Lithuanian farms become investment attraction

  • 2005-04-27
  • From wire reports
VILNIUS - Investors have become more attracted to Lithuania's agricultural sector amid a rise in purchase prices of agricultural products and a flood of EU assistance funds.

As the Lietuvos Zinios daily reported this week, Lithuanian farmers are gradually proving their ability to compete on the common market. "Previously there were many skeptics as far as the use of EU assistance for investments into agricultural sector is concerned," said Albertas Gapsys, expert at the Lithuanian Institute of Agrarian Economics.

"The first year of EU membership has proved, however, that Lithuania's agricultural producers may compete on the EU market successfully and investments into this sector are worthwhile," he stressed.

Almost 200 agricultural companies active on Lithuania's market cover approximately half of aggregate domestic agricultural output.

Agrovaldymo Grupe, which controls 10 agricultural companies and 5,000 hectares of land, intends to expand its holding to 20,000-25,000 hectares by 2007 and invest up to 60 million litas (17.4 million euros) in agriculture in the upcoming five-year period, the paper reported.

Investments into agricultural production reached 300 million litas each year in 2003-2004, the institute said.
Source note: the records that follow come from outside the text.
lemma hCauchy_if_hnorm_sq_diff_le:
  assumes "\<And>n. s n \<in> H" "b \<longlonglongrightarrow> 0"
    and le: "\<And>n m. n \<le> m \<Longrightarrow> (hnorm ip (\<lambda>x. s n x - s m x))\<^sup>2 \<le> b n"
  shows "hCauchy ip s"
  unfolding hCauchy_def
proof (intro allI impI)
  fix e :: real
  assume e: "e > 0"
  obtain M where M: "\<And>n. n \<ge> M \<Longrightarrow> b n < e\<^sup>2"
    using LIMSEQ_D[OF assms(2), of "e\<^sup>2"] e by fastforce
  have lt: "hnorm ip (\<lambda>x. s n x - s m x) < e" if "M \<le> n" "n \<le> m" for n m
  proof -
    have "(hnorm ip (\<lambda>x. s n x - s m x))\<^sup>2 < e\<^sup>2"
      using le[OF that(2)] M[OF that(1)] by linarith
    then show ?thesis
      using e by (meson less_le power_less_imp_less_base)
  qed
  show "\<exists>N. \<forall>m\<ge>N. \<forall>n\<ge>N. hnorm ip (\<lambda>x. s m x - s n x) < e"
    using lt hnorm_diff_commute[OF assms(1) assms(1)] by (metis nat_le_linear)
qed

lemma hCauchy_minimising_sequence:
  assumes A: "A \<subseteq> H"
    and midpoint: "\<And>h k. h \<in> A \<Longrightarrow> k \<in> A \<Longrightarrow> (\<lambda>x. (1/2) * (h x + k x)) \<in> A"
    and D_le: "\<And>h. h \<in> A \<Longrightarrow> D \<le> (hnorm ip h)\<^sup>2"
    and s: "\<And>n. s n \<in> A" "\<And>n. (hnorm ip (s n))\<^sup>2 < D + inverse (real (Suc n))"
  shows "hCauchy ip s"
proof -
  \<comment> \<open>parallelogram law, using that the midpoint of h and k lies in A\<close>
  have diff_le: "(hnorm ip (\<lambda>x. h x - k x))\<^sup>2 \<le> 2 * (hnorm ip h)\<^sup>2 + 2 * (hnorm ip k)\<^sup>2 - 4 * D"
    if "h \<in> A" "k \<in> A" for h k
  proof -
    have hk: "h \<in> H" "k \<in> H"
      using that A by auto
    have "D \<le> (hnorm ip (\<lambda>x. (1/2) * (h x + k x)))\<^sup>2"
      using D_le[OF midpoint[OF that]] .
    also have "hnorm ip (\<lambda>x. (1/2) * (h x + k x)) = (1/2) * hnorm ip (\<lambda>x. h x + k x)"
      using hnorm_scale[OF add_mem[OF hk], of "1/2"] by simp
    finally have "4 * D \<le> (hnorm ip (\<lambda>x. h x + k x))\<^sup>2"
      by (simp add: power_divide)
    then show ?thesis
      using hnorm_parallelogram[OF hk] by linarith
  qed
  show ?thesis
  proof (rule hCauchy_if_hnorm_sq_diff_le)
    show "s n \<in> H" for n
      using s(1) A by blast
    show "(\<lambda>n. 4 * inverse (real (Suc n))) \<longlonglongrightarrow> 0"
      using tendsto_mult_right[OF LIMSEQ_inverse_real_of_nat, of 4] by simp
    fix n m :: nat
    assume "n \<le> m"
    then have "inverse (real (Suc m)) \<le> inverse (real (Suc n))"
      by (simp add: le_imp_inverse_le)
    then show "(hnorm ip (\<lambda>x. s n x - s m x))\<^sup>2 \<le> 4 * inverse (real (Suc n))"
      using diff_le[OF s(1) s(1), of n m] s(2)[of n] s(2)[of m] by linarith
  qed
qed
According to the data made available by the National Paying Agency, investments into primary agricultural production made up 38.6 percent of SAPARD funds.

Lithuanian agricultural and food product exports rose 24.3 percent to 2.9 billion litas in 2004, the Ministry of Agriculture said earlier this month. Exports to EU countries surged 50.2 percent to 2.1 billion litas, while exports to CIS markets increased 2.5 percent to 689 million litas.